lemma sum_inj_maps_pair_image:
  fixes h :: "nat set \<Rightarrow> real"
  assumes b: "b \<in> pairs m"
  shows "real N * (real N - 1) * (\<Sum>q\<in>inj_maps m N. h (q ` b))
       = 2 * (\<Prod>k<m. real (N - k)) * (\<Sum>e\<in>pairs N. h e)"
proof -
  define K where "K = prod ((-) (N - 2)) {0..<m - 2}"
  have "(\<Sum>q\<in>inj_maps m N. h (q ` b)) = (\<Sum>e\<in>pairs N. \<Sum>q\<in>{q \<in> inj_maps m N. q ` b = e}. h (q ` b))"
    by (rule sum.group[symmetric]) (use finite_inj_maps finite_pairs image_in_pairs b in auto)
  also have "\<dots> = (\<Sum>e\<in>pairs N. real (card {q \<in> inj_maps m N. q ` b = e}) * h e)"
    by (intro sum.cong refl) simp
  also have "\<dots> = 2 * real K * (\<Sum>e\<in>pairs N. h e)"
    by (simp add: card_inj_maps_pair_image[OF b] K_def sum_distrib_left)
  finally have "(\<Sum>q\<in>inj_maps m N. h (q ` b)) = 2 * real K * (\<Sum>e\<in>pairs N. h e)" .
  moreover have "(\<Prod>k<m. real (N - k)) = real N * (real N - 1) * real K"
  proof -
    have "2 \<le> m" using b by (auto simp: pairs_def)
    then have "(\<Prod>k<m. real (N - k)) = real N * real (N - 1) * real K"
      unfolding K_def by (simp flip: of_nat_prod add: prod_lessThan_diff_split)
    then show ?thesis by (cases N) auto
  qed
  ultimately show ?thesis by simp
qed
(* Let $\Gamma=\{\boldsymbol\theta=(\theta_1,\theta_2,\dots)\in\mathbb{R}^{\infty}: \sum_{i\ge 1} i\,|\theta_i|\le 1\}$. Then $n_{\mathrm{est}}(\Gamma,\epsilon)=\tilde\Theta(\epsilon^{-8/3})$, i.e. there exist constants $c,C>0$ and $k\ge 0$ such that for all sufficiently small $\epsilon>0$, $$c\,\epsilon^{-8/3}\log^{-k}(1/\epsilon)\le n_{\mathrm{est}}(\Gamma,\epsilon)\le C\,\epsilon^{-8/3}\log^{k}(1/\epsilon).$$
   Context: Gaussian sequence model: for $D\in[1,\infty]$ and $\Gamma\subseteq\mathbb{R}^D$, the model is $\{\mathcal N(\boldsymbol\theta,I_D):\boldsymbol\theta\in\Gamma\}$ (for $D=\infty$, $I_\infty$ is the identity covariance, i.e. independent unit-variance coordinates). The density estimation sample complexity $n_{\mathrm{est}}(\Gamma,\epsilon)$ is the smallest integer $n$ such that, given $n$ i.i.d. samples $\mathbf X=(\mathbf X_1,\dots,\mathbf X_n)$ from $\mathcal N(\boldsymbol\theta,I_D)$, there is an estimator $\hat{\boldsymbol\theta}(\mathbf X)$ with $\sup_{\boldsymbol\theta\in\Gamma}\mathbb E\|\hat{\boldsymbol\theta}(\mathbf X)-\boldsymbol\theta\|_2^2\le\epsilon^2$. *)

theory Defs
  imports "HOL-Probability.Probability"
begin

text \<open>Sequences in R^infinity are functions nat => real; coordinate i (0-based)
  corresponds to coordinate i+1 of the paper.  A sample of size n is a function
  on {..<n} x UNIV: X (j,i) is coordinate i of the j-th observation.\<close>

definition sample_space :: "nat \<Rightarrow> (nat \<times> nat \<Rightarrow> real) measure" where
  "sample_space n = PiM ({..<n} \<times> UNIV) (\<lambda>_. lborel)"

definition sample_dist :: "nat \<Rightarrow> (nat \<Rightarrow> real) \<Rightarrow> (nat \<times> nat \<Rightarrow> real) measure" where
  "sample_dist n \<theta> = PiM ({..<n} \<times> UNIV)
      (\<lambda>ji. density lborel (normal_density (\<theta> (snd ji)) 1))"

definition risk :: "nat \<Rightarrow> ((nat \<times> nat \<Rightarrow> real) \<Rightarrow> nat \<Rightarrow> real) \<Rightarrow> (nat \<Rightarrow> real) \<Rightarrow> ennreal" where
  "risk n est \<theta> = (\<integral>\<^sup>+ X. (\<Sum>i. ennreal ((est X i - \<theta> i)\<^sup>2)) \<partial>sample_dist n \<theta>)"

definition achievable :: "(nat \<Rightarrow> real) set \<Rightarrow> real \<Rightarrow> nat \<Rightarrow> bool" where
  "achievable \<Gamma> \<epsilon> n \<longleftrightarrow>
     (\<exists>est. (\<forall>i. (\<lambda>X. est X i) \<in> borel_measurable (sample_space n)) \<and>
            (\<forall>\<theta>\<in>\<Gamma>. risk n est \<theta> \<le> ennreal (\<epsilon>\<^sup>2)))"

definition n_est :: "(nat \<Rightarrow> real) set \<Rightarrow> real \<Rightarrow> nat" where
  "n_est \<Gamma> \<epsilon> = (LEAST n. achievable \<Gamma> \<epsilon> n)"

definition Gamma_weighted :: "(nat \<Rightarrow> real) set" where
  "Gamma_weighted = {\<theta>. summable (\<lambda>i. real (i + 1) * \<bar>\<theta> i\<bar>) \<and>
                         (\<Sum>i. real (i + 1) * \<bar>\<theta> i\<bar>) \<le> 1}"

□ □ □ □ □

Using the material above, print every entry exactly as written.

lemma sum_inj_maps_pair_image:
  fixes h :: "nat set \<Rightarrow> real"
  assumes b: "b \<in> pairs m"
  shows "real N * (real N - 1) * (\<Sum>q\<in>inj_maps m N. h (q ` b))
       = 2 * (\<Prod>k<m. real (N - k)) * (\<Sum>e\<in>pairs N. h e)"
proof -
  define K where "K = prod ((-) (N - 2)) {0..<m - 2}"
  have "(\<Sum>q\<in>inj_maps m N. h (q ` b)) = (\<Sum>e\<in>pairs N. \<Sum>q\<in>{q \<in> inj_maps m N. q ` b = e}. h (q ` b))"
    by (rule sum.group[symmetric]) (use finite_inj_maps finite_pairs image_in_pairs b in auto)
  also have "\<dots> = (\<Sum>e\<in>pairs N. real (card {q \<in> inj_maps m N. q ` b = e}) * h e)"
    by (intro sum.cong refl) simp
  also have "\<dots> = 2 * real K * (\<Sum>e\<in>pairs N. h e)"
    by (simp add: card_inj_maps_pair_image[OF b] K_def sum_distrib_left)
  finally have "(\<Sum>q\<in>inj_maps m N. h (q ` b)) = 2 * real K * (\<Sum>e\<in>pairs N. h e)" .
  moreover have "(\<Prod>k<m. real (N - k)) = real N * (real N - 1) * real K"
  proof -
    have "2 \<le> m" using b by (auto simp: pairs_def)
    then have "(\<Prod>k<m. real (N - k)) = real N * real (N - 1) * real K"
      unfolding K_def by (simp flip: of_nat_prod add: prod_lessThan_diff_split)
    then show ?thesis by (cases N) auto
  qed
  ultimately show ?thesis by simp
qed
(* Let $\Gamma=\{\boldsymbol\theta=(\theta_1,\theta_2,\dots)\in\mathbb{R}^{\infty}: \sum_{i\ge 1} i\,|\theta_i|\le 1\}$. Then $n_{\mathrm{est}}(\Gamma,\epsilon)=\tilde\Theta(\epsilon^{-8/3})$, i.e. there exist constants $c,C>0$ and $k\ge 0$ such that for all sufficiently small $\epsilon>0$, $$c\,\epsilon^{-8/3}\log^{-k}(1/\epsilon)\le n_{\mathrm{est}}(\Gamma,\epsilon)\le C\,\epsilon^{-8/3}\log^{k}(1/\epsilon).$$
   Context: Gaussian sequence model: for $D\in[1,\infty]$ and $\Gamma\subseteq\mathbb{R}^D$, the model is $\{\mathcal N(\boldsymbol\theta,I_D):\boldsymbol\theta\in\Gamma\}$ (for $D=\infty$, $I_\infty$ is the identity covariance, i.e. independent unit-variance coordinates). The density estimation sample complexity $n_{\mathrm{est}}(\Gamma,\epsilon)$ is the smallest integer $n$ such that, given $n$ i.i.d. samples $\mathbf X=(\mathbf X_1,\dots,\mathbf X_n)$ from $\mathcal N(\boldsymbol\theta,I_D)$, there is an estimator $\hat{\boldsymbol\theta}(\mathbf X)$ with $\sup_{\boldsymbol\theta\in\Gamma}\mathbb E\|\hat{\boldsymbol\theta}(\mathbf X)-\boldsymbol\theta\|_2^2\le\epsilon^2$. *)

theory Defs
  imports "HOL-Probability.Probability"
begin

text \<open>Sequences in R^infinity are functions nat => real; coordinate i (0-based)
  corresponds to coordinate i+1 of the paper.  A sample of size n is a function
  on {..<n} x UNIV: X (j,i) is coordinate i of the j-th observation.\<close>

definition sample_space :: "nat \<Rightarrow> (nat \<times> nat \<Rightarrow> real) measure" where
  "sample_space n = PiM ({..<n} \<times> UNIV) (\<lambda>_. lborel)"

definition sample_dist :: "nat \<Rightarrow> (nat \<Rightarrow> real) \<Rightarrow> (nat \<times> nat \<Rightarrow> real) measure" where
  "sample_dist n \<theta> = PiM ({..<n} \<times> UNIV)
      (\<lambda>ji. density lborel (normal_density (\<theta> (snd ji)) 1))"

definition risk :: "nat \<Rightarrow> ((nat \<times> nat \<Rightarrow> real) \<Rightarrow> nat \<Rightarrow> real) \<Rightarrow> (nat \<Rightarrow> real) \<Rightarrow> ennreal" where
  "risk n est \<theta> = (\<integral>\<^sup>+ X. (\<Sum>i. ennreal ((est X i - \<theta> i)\<^sup>2)) \<partial>sample_dist n \<theta>)"

definition achievable :: "(nat \<Rightarrow> real) set \<Rightarrow> real \<Rightarrow> nat \<Rightarrow> bool" where
  "achievable \<Gamma> \<epsilon> n \<longleftrightarrow>
     (\<exists>est. (\<forall>i. (\<lambda>X. est X i) \<in> borel_measurable (sample_space n)) \<and>
            (\<forall>\<theta>\<in>\<Gamma>. risk n est \<theta> \<le> ennreal (\<epsilon>\<^sup>2)))"

definition n_est :: "(nat \<Rightarrow> real) set \<Rightarrow> real \<Rightarrow> nat" where
  "n_est \<Gamma> \<epsilon> = (LEAST n. achievable \<Gamma> \<epsilon> n)"

definition Gamma_weighted :: "(nat \<Rightarrow> real) set" where
  "Gamma_weighted = {\<theta>. summable (\<lambda>i. real (i + 1) * \<bar>\<theta> i\<bar>) \<and>
                         (\<Sum>i. real (i + 1) * \<bar>\<theta> i\<bar>) \<le> 1}"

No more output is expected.